NAME

Plack::Middleware::Auth::Bitcard - Bitcard authentication for Plack, which I suppose is what you might have guessed from the name

SYNOPSIS

use strict;
use warnings;

use Authen::Bitcard;
use Plack::Builder;

my $app = sub {
   my $env = shift;
   my $username = $env->{BITCARD}{username};
   ...;
};

my $bc = "Authen::Bitcard"->new;
$bc->token("12345678");
$bc->api_secret("1234567890ABCDEF");

builder {
   enable "Auth::Bitcard", bitcard => $bc;
   $app;
};

DESCRIPTION

This module provides Plack middleware for Bitcard authentication.

What is Bitcard? It's a trusted third-party authentication system. Like OpenID but centralised, somewhat outdated, and pretty obscure.

So why use it? You probably shouldn't. An exception would be if you need login functionality for a website that is aimed at Perl developers. This is because Bitcard is already used as login for rt.cpan.org and cpanratings.perl.org, so many Perl developers already have a login set up.

Simple usage

The example in the SYNOPSIS section shows how easy it is to add Bitcard authentication to an existing PSGI app.

You'll need a Bitcard token and API secret for your website - to get these, sign into http://www.bitcard.org/, go to your account settings, click on "My Sites", then add a new site. You will need to tell it your site's name, and a URL. This URL should be the "base" URL for your PSGI app with /_bitcard_boomerang added to the end. For example, if you are serving http://bugs.example.com/ using Plack, then the URL you want is http://bugs.example.com/_bitcard_boomerang. Once you've entered that information, the bitcard.org site will issue you with a token and API secret.

With this simple setup, all requests to your site will be protected by Bitcard authentication.
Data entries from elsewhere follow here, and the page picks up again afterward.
(* Let $0<\alpha<1$, $l,T>0$, integers $N,M\ge2$, $h=l/N$, $x_i=ih$, $\tau=T/M$, $t_j=j\tau$. Let $k(t)\ge c_1>0$ and $q(t)\ge0$ be given functions of $t$ only, $a^{j+1}=k(t_{j+1})$, $d^{j+1}=q(t_{j+1})$, and let $\varphi_i^{j+1}$ be given grid data. Consider the compact difference scheme $$\Delta_{0t_{j+1}}^{\alpha}\mathcal{H}_hy_i=a^{j+1}y_{\bar xx,i}^{j+1}-d^{j+1}\mathcal{H}_hy_i^{j+1}+\mathcal{H}_h\varphi_i^{j+1},\quad i=1,\dots,N-1,\ j=1,\dots,M-1,$$ $$y_0^j=y_N^j=0\ (j=0,\dots,M),\qquad y_i^0=u_0(x_i)\ (i=0,\dots,N),$$ with $y^1$ given. Then the scheme is unconditionally stable, and its solution satisfies $$\sum_{j=1}^{M-1}\left(\|\mathcal{H}_hy^{j+1}\|_0^2+\|y_{\bar x}^{j+1}]|_0^2\right)\tau\le M_2\left(\|\mathcal{H}_hy^1\|_0^2+\|\mathcal{H}_hy^0\|_0^2+\sum_{j=1}^{M-1}\|\mathcal{H}_h\varphi^{j+1}\|_0^2\tau\right),$$ where $M_2>0$ is a number independent of $h$ and $\tau$.
   Context: Notation: $y_i^j$ is the value at $(x_i,t_j)$; $y_{\bar x,i}=(y_i-y_{i-1})/h$; $y_{\bar xx,i}=(y_{i+1}-2y_i+y_{i-1})/h^2$; $\mathcal{H}_hv_i=v_i+\frac{h^2}{12}v_{\bar xx,i}$ for $i=1,\dots,N-1$; $\|y\|_0^2=\sum_{i=1}^{N-1}y_i^2h$; $\|y]|_0^2=\sum_{i=1}^{N}y_i^2h$. The L2 operator acting on a grid function $w$ is $\Delta_{0t_{j+1}}^{\alpha}w_i=\frac{\tau^{-\alpha}}{\Gamma(2-\alpha)}\sum_{s=0}^{j}c_{j-s}^{(\alpha)}(w_i^{s+1}-w_i^s)$, with $a_l^{(\alpha)}=(l+1)^{1-\alpha}-l^{1-\alpha}$, $b_l^{(\alpha)}=\frac{1}{2-\alpha}[(l+1)^{2-\alpha}-l^{2-\alpha}]-\frac12[(l+1)^{1-\alpha}+l^{1-\alpha}]$ and the $j$-dependent coefficients: for $j=1$: $c_0^{(\alpha)}=a_0^{(\alpha)}+b_0^{(\alpha)}+b_1^{(\alpha)}$, $c_1^{(\alpha)}=a_1^{(\alpha)}-b_1^{(\alpha)}-b_0^{(\alpha)}$; for $j=2$: $c_0^{(\alpha)}=a_0^{(\alpha)}+b_0^{(\alpha)}$, $c_1^{(\alpha)}=a_1^{(\alpha)}+b_1^{(\alpha)}+b_2^{(\alpha)}-b_0^{(\alpha)}$, $c_2^{(\alpha)}=a_2^{(\alpha)}-b_2^{(\alpha)}-b_1^{(\alpha)}$; for $j\ge3$: $c_0^{(\alpha)}=a_0^{(\alpha)}+b_0^{(\alpha)}$, $c_s^{(\alpha)}=a_s^{(\alpha)}+b_s^{(\alpha)}-b_{s-1}^{(\alpha)}$ ($1\le s\le j-2$), $c_{j-1}^{(\alpha)}=a_{j-1}^{(\alpha)}+b_{j-1}^{(\alpha)}+b_j^{(\alpha)}-b_{j-2}^{(\alpha)}$, $c_j^{(\alpha)}=a_j^{(\alpha)}-b_j^{(\alpha)}-b_{j-1}^{(\alpha)}$. *)

theory Defs
  imports "HOL-Analysis.Analysis"
begin

text \<open>Grid functions are y :: nat \<Rightarrow> nat \<Rightarrow> real, with y i j the value at (x_i, t_j).\<close>

definition l2a :: "real \<Rightarrow> nat \<Rightarrow> real" where
  "l2a \<alpha> l = (real l + 1) powr (1 - \<alpha>) - real l powr (1 - \<alpha>)"

definition l2b :: "real \<Rightarrow> nat \<Rightarrow> real" where
  "l2b \<alpha> l = 1 / (2 - \<alpha>) * ((real l + 1) powr (2 - \<alpha>) - real l powr (2 - \<alpha>))
              - 1 / 2 * ((real l + 1) powr (1 - \<alpha>) + real l powr (1 - \<alpha>))"

definition l2c :: "real \<Rightarrow> nat \<Rightarrow> nat \<Rightarrow> real" where
  "l2c \<alpha> j s =
    (if j = 1 then
       (if s = 0 then l2a \<alpha> 0 + l2b \<alpha> 0 + l2b \<alpha> 1
        else l2a \<alpha> 1 - l2b \<alpha> 1 - l2b \<alpha> 0)
     else if j = 2 then
       (if s = 0 then l2a \<alpha> 0 + l2b \<alpha> 0
        else if s = 1 then l2a \<alpha> 1 + l2b \<alpha> 1 + l2b \<alpha> 2 - l2b \<alpha> 0
        else l2a \<alpha> 2 - l2b \<alpha> 2 - l2b \<alpha> 1)
     else
       (if s = 0 then l2a \<alpha> 0 + l2b \<alpha> 0
        else if s \<le> j - 2 then l2a \<alpha> s + l2b \<alpha> s - l2b \<alpha> (s - 1)
        else if s = j - 1 then l2a \<alpha> (j-1) + l2b \<alpha> (j-1) + l2b \<alpha> j - l2b \<alpha> (j-2)
        else l2a \<alpha> j - l2b \<alpha> j - l2b \<alpha> (j-1)))"

text \<open>L2 approximation of the Caputo derivative at t_{j+1}, applied to grid function w at node i.\<close>
definition L2op :: "real \<Rightarrow> real \<Rightarrow> (nat \<Rightarrow> nat \<Rightarrow> real) \<Rightarrow> nat \<Rightarrow> nat \<Rightarrow> real" where
  "L2op \<alpha> \<tau> w i j = \<tau> powr (- \<alpha>) / Gamma (2 - \<alpha>) *
      (\<Sum>s = 0..j. l2c \<alpha> j (j - s) * (w i (s + 1) - w i s))"

definition dxx :: "real \<Rightarrow> (nat \<Rightarrow> nat \<Rightarrow> real) \<Rightarrow> nat \<Rightarrow> nat \<Rightarrow> real" where
  "dxx h y i j = (y (i + 1) j - 2 * y i j + y (i - 1) j) / h^2"

definition dxb :: "real \<Rightarrow> (nat \<Rightarrow> nat \<Rightarrow> real) \<Rightarrow> nat \<Rightarrow> nat \<Rightarrow> real" where
  "dxb h y i j = (y i j - y (i - 1) j) / h"

definition Hh :: "real \<Rightarrow> (nat \<Rightarrow> nat \<Rightarrow> real) \<Rightarrow> nat \<Rightarrow> nat \<Rightarrow> real" where
  "Hh h v i j = v i j + h^2 / 12 * dxx h v i j"

definition nrm0sq :: "real \<Rightarrow> nat \<Rightarrow> (nat \<Rightarrow> nat \<Rightarrow> real) \<Rightarrow> nat \<Rightarrow> real" where
  "nrm0sq h N v j = (\<Sum>i = 1..N - 1. (v i j)^2 * h)"

definition nrm0bsq :: "real \<Rightarrow> nat \<Rightarrow> (nat \<Rightarrow> nat \<Rightarrow> real) \<Rightarrow> nat \<Rightarrow> real" where
  "nrm0bsq h N v j = (\<Sum>i = 1..N. (v i j)^2 * h)"

end

theory Submission
  imports Defs
begin

text \<open>
  Energy method. Multiply the scheme by H_h y^{j+1} h and sum over the nodes. In space,
  summation by parts bounds the diffusion term by -(2/3) c1 ||y_x]|^2, and the discrete
  Poincare inequality ||H_h y||^2 <= l^2 ||y_x]|^2 lets it absorb the source term after
  Young's inequality. In time everything rests on a discrete positivity property of the L2
  formula: for every real sequence v,
    sum_{j=1}^{M-1} (sum_{s=0}^{j} c_{j-s} (v^{s+1} - v^s)) v^{j+1} >= -3 M^{1-alpha} ((v^0)^2 + (v^1)^2).
  Write 2 (v^{s+1} - v^s) v^{j+1} = ((v^{s+1})^2 - (v^s)^2) + ((v^{j+1} - v^s)^2 - (v^{j+1} - v^{s+1})^2).
  The first part telescopes against the partial sums of the coefficients, which are
  M^{1-alpha} + O(1). After summation by parts in s, the second part is nonnegative up to
  boundary terms, because the coefficients decrease except at the first two steps, where a
  quantitative gap compensates. All these coefficient properties come from Taylor expansions
  of x^{1-alpha}. Finally tau * tau^{-alpha} * M^{1-alpha} = T^{1-alpha}, so the constant depends
  neither on h nor on tau.
\<close>

section \<open>Derivatives of powers and elementary inequalities\<close>

definition powr_deriv :: "real \<Rightarrow> nat \<Rightarrow> real \<Rightarrow> real" where
  "powr_deriv e m x = (\<Prod>i<m. e - real i) * x powr (e - real m)"

lemma powr_deriv_0 [simp]: "powr_deriv e 0 x = x powr e"
  and powr_deriv_2: "powr_deriv e 2 x = e * (e - 1) * x powr (e - 2)"
  and powr_deriv_3: "powr_deriv e 3 x = e * (e - 1) * (e - 2) * x powr (e - 3)"
  by (simp_all add: powr_deriv_def eval_nat_numeral)

lemma has_real_derivative_powr_deriv:
  assumes "0 < x"
  shows "(powr_deriv e m has_real_derivative powr_deriv e (Suc m) x) (at x)"
proof -
  have "((\<lambda>x. (\<Prod>i<m. e - real i) * x powr (e - real m)) has_real_derivative
      (\<Prod>i<m. e - real i) * ((e - real m) * x powr (e - real m - 1))) (at x)"
    using assms by (intro DERIV_cmult has_real_derivative_powr)
  then show ?thesis
    by (simp add: powr_deriv_def[abs_def] algebra_simps)
qed

lemma powr_deriv_Suc_shift: "powr_deriv (1 + e) (Suc m) x = (1 + e) * powr_deriv e m x"
proof -
  have "(\<Prod>i<Suc m. 1 + e - real i) = (1 + e) * (\<Prod>i<m. e - real i)"
    by (subst prod.lessThan_Suc_shift) (simp add: algebra_simps)
  then show ?thesis by (simp add: powr_deriv_def)
qed

lemma powr_Taylor_up:
  assumes "0 < c" "c < b" "0 < n"
  obtains t where "c < t" "t < b"
    "b powr e = (\<Sum>m<n. powr_deriv e m c / fact m * (b - c)^m) + powr_deriv e n t / fact n * (b - c)^n"
  using Taylor_up[where a = c and b = b and c = c and diff = "powr_deriv e" and n = n] assms
  by (fastforce intro!: has_real_derivative_powr_deriv)

lemma powr_Taylor_down:
  assumes "0 < a" "a < c" "0 < n"
  obtains t where "a < t" "t < c"
    "a powr e = (\<Sum>m<n. powr_deriv e m c / fact m * (a - c)^m) + powr_deriv e n t / fact n * (a - c)^n"
  using Taylor_down[where a = a and b = c and c = c and diff = "powr_deriv e" and n = n] assms
  by (fastforce intro!: has_real_derivative_powr_deriv)

lemma powr_deriv_3_pos:
  assumes "0 < e" "e < 1" "0 < x"
  shows "0 < powr_deriv e 3 x"
  using assms by (simp add: powr_deriv_3 mult_pos_neg mult_neg_neg)

lemma powr_deriv_3_antimono:
  assumes "0 < e" "e < 1" "0 < x" "x \<le> y"
  shows "powr_deriv e 3 y \<le> powr_deriv e 3 x"
proof -
  have "0 < e * (e - 1) * (e - 2)"
    using assms by (simp add: mult_pos_neg mult_neg_neg)
  moreover have "y powr (e - 3) \<le> x powr (e - 3)"
    using assms by (intro powr_mono2') auto
  ultimately show ?thesis
    by (simp add: powr_deriv_3 mult_left_mono)
qed

lemma powr_neg_le_scaled:
  fixes a b k p q :: real
  assumes "0 < b" "b \<le> k * a" "1 \<le> k" "0 \<le> p" "p \<le> q"
  shows "a powr (-p) \<le> k powr q * b powr (-p)"
proof -
  have "a powr (-p) \<le> (b / k) powr (-p)"
    using assms by (intro powr_mono2') (auto simp: divide_le_eq mult.commute)
  also have "\<dots> = b powr (-p) / k powr (-p)"
    using assms by (simp add: powr_divide)
  also have "\<dots> = k powr p * b powr (-p)"
    by (simp add: powr_minus divide_inverse)
  also have "\<dots> \<le> k powr q * b powr (-p)"
    using assms by (intro mult_right_mono powr_mono) auto
  finally show ?thesis .
qed

lemma two_powr_le:
  fixes t :: real
  assumes "0 \<le> t" "t \<le> 1"
  shows "2 powr t \<le> 1 + t"
proof -
  have "exp ((1 - t) *\<^sub>R 0 + t *\<^sub>R ln 2) \<le> (1 - t) * exp 0 + t * exp (ln 2)"
    using assms by (intro convex_onD[OF exp_convex]) auto
  then show ?thesis
    by (simp add: powr_def algebra_simps)
qed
When somebody first hits your site, they'll be instantly redirected to bitcard.org to login.

Once they've logged in, their Bitcard details, including their username will be in $env->{BITCARD}.

No login necessary

You may want to specify that certain parts of your site do not require a login; or perhaps visitors from certain IP addresses do not need to login; or whatever.

This module accepts a coderef which can check these sorts of criteria:

builder {
   enable "Auth::Bitcard",
      bitcard => $bc,
      skip_if => sub { my $env = shift; ... };
   $app;
};

If the coderef returns true, then Bitcard authentication will be skipped for the given request.

Showing different views of the site

Perhaps you don't always need people to login to your site. Maybe you are happy for them to browse a public version of your site, and they only need to login if they want to access the super-awesome features.

In this case, you can provide an on_unauth action:

builder {
   enable "Auth::Bitcard",
      bitcard   => $bc,
      on_unauth => sub { my $env = shift; ... };
   $app;
};

on_unauth is a PSGI app in its own right, and is expected to return a PSGI-style arrayref.

You can obtain login/logout URLs using the following:

my $login_url    = $env->{BITCARD_URL}->(login_url => $env);
my $logout_url   = $env->{BITCARD_URL}->(logout_url => $env);

There are also URLs for the user's account settings page, and to register for a new bitcard account.

my $account_url  = $env->{BITCARD_URL}->(account_url => $env);
my $register_url = $env->{BITCARD_URL}->(register_url => $env);

When logged in people return to your site, they will arrive back at your site's base URL. If you wish to send them elsewhere, set a cookie containing the full URL you wish them to return to:

my $res = "Plack::Response"->new;
$res->cookies->{bitcard_return_to} = "http://example.com/goodbye";
$res->redirect($env->{BITCARD_URL}->(logout_url => $env));
return $res->finalize;

BUGS

Please report any bugs to http://rt.cpan.org/Dist/Display.html?Queue=Plack-Middleware-Auth-Bitcard.

SEE ALSO

Authen::Bitcard.

AUTHOR

Toby Inkster <tobyink@cpan.org>.

COPYRIGHT AND LICENCE

This software is copyright (c) 2013 by Toby Inkster.

This is free software; you can redistribute it and/or modify it under the same terms as the Perl 5 programming language system itself.

DISCLAIMER OF WARRANTIES

THIS PACKAGE IS PROVIDED "AS IS" AND WITHOUT ANY EXPRESS OR IMPLIED WARRANTIES, INCLUDING, WITHOUT LIMITATION, THE IMPLIED WARRANTIES OF MERCHANTIBILITY AND FITNESS FOR A PARTICULAR PURPOSE.